● Action item: From the entries below, copy every line that holds the word "covers".

----------

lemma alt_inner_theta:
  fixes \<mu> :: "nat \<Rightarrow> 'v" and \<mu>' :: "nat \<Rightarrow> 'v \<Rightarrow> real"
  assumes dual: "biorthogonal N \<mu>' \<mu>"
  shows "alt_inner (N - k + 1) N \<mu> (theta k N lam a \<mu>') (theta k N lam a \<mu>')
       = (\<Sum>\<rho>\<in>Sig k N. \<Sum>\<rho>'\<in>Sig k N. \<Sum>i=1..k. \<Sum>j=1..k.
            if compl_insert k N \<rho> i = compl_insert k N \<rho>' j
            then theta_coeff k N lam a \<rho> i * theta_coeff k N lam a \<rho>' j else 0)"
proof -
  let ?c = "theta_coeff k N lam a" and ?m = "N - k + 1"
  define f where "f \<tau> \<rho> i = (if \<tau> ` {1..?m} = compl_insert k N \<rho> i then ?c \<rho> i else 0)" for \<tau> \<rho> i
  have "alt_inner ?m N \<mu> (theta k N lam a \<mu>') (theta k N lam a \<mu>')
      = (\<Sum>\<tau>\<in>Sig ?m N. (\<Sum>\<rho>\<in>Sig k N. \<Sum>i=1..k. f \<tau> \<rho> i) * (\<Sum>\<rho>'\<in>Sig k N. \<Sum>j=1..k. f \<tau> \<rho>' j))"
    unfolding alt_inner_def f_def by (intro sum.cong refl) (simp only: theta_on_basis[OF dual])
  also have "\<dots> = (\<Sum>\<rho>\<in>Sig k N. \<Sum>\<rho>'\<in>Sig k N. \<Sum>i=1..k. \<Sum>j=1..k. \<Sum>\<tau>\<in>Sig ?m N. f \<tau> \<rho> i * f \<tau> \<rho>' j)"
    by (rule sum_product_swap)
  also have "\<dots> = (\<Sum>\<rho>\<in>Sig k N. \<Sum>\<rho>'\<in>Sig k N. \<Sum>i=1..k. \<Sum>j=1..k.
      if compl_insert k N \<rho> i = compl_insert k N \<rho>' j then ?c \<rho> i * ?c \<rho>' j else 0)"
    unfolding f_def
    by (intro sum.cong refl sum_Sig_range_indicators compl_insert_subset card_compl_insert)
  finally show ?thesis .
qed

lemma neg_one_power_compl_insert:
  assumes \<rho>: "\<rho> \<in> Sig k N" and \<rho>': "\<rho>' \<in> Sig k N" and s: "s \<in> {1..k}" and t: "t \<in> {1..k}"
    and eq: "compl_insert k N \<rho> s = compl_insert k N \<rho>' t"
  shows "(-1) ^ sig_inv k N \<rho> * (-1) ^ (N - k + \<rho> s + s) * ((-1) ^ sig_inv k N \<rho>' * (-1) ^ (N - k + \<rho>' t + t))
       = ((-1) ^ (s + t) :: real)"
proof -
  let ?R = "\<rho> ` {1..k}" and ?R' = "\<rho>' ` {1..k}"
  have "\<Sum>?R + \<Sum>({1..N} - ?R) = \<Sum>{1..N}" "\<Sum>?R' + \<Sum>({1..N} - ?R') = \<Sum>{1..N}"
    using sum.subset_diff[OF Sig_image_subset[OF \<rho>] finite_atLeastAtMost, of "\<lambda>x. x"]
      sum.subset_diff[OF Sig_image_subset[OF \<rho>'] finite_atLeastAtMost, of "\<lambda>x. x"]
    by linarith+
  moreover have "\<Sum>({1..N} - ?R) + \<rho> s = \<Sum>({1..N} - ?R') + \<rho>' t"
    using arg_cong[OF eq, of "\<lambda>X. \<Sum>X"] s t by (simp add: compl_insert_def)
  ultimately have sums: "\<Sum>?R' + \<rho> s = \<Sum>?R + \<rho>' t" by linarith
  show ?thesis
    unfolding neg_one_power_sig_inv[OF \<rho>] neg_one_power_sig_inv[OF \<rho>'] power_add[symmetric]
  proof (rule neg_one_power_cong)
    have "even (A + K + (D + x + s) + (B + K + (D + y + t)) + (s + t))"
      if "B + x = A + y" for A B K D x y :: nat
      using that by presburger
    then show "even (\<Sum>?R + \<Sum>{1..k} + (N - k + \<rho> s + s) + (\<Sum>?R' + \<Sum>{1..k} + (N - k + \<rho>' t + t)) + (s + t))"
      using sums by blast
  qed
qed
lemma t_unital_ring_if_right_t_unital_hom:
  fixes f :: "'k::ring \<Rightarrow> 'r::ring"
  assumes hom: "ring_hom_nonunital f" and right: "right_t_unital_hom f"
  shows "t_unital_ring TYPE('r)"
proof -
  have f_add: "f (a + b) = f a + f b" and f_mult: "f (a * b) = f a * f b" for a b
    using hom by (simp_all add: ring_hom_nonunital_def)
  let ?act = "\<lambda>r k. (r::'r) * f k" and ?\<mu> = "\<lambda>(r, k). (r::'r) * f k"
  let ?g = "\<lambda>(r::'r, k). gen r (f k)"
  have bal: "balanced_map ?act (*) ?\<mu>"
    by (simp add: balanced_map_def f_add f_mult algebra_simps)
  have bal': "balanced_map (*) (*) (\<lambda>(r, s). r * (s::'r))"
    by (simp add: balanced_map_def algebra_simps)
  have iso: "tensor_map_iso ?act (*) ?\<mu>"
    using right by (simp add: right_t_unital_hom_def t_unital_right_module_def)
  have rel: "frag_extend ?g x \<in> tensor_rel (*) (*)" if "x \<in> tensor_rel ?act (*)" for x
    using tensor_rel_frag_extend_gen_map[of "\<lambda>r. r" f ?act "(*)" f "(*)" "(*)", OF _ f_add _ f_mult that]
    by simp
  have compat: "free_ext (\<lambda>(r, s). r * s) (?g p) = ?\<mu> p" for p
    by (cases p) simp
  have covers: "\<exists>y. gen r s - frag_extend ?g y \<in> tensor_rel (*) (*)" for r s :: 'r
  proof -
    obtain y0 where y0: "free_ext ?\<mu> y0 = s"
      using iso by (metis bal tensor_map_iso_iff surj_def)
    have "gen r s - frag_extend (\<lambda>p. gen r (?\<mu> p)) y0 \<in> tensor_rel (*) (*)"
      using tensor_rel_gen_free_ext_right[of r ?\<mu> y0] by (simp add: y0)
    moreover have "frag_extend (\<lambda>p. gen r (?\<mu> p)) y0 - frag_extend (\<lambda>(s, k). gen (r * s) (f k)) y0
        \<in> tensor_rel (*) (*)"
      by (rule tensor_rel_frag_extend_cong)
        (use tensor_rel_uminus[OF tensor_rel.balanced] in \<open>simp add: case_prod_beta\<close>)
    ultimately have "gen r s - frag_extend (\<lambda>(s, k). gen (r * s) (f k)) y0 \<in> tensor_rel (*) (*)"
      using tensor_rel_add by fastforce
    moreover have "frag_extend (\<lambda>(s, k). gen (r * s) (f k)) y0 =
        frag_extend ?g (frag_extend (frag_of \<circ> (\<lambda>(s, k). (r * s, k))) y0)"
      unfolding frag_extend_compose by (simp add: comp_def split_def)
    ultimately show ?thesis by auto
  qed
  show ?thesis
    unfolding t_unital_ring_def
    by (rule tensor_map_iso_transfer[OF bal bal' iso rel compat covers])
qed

----------

● Exercise answer:
  have covers: "\<exists>y. gen r s - frag_extend ?g y \<in> tensor_rel (*) (*)" for r s :: 'r
    by (rule tensor_map_iso_transfer[OF bal bal' iso rel compat covers])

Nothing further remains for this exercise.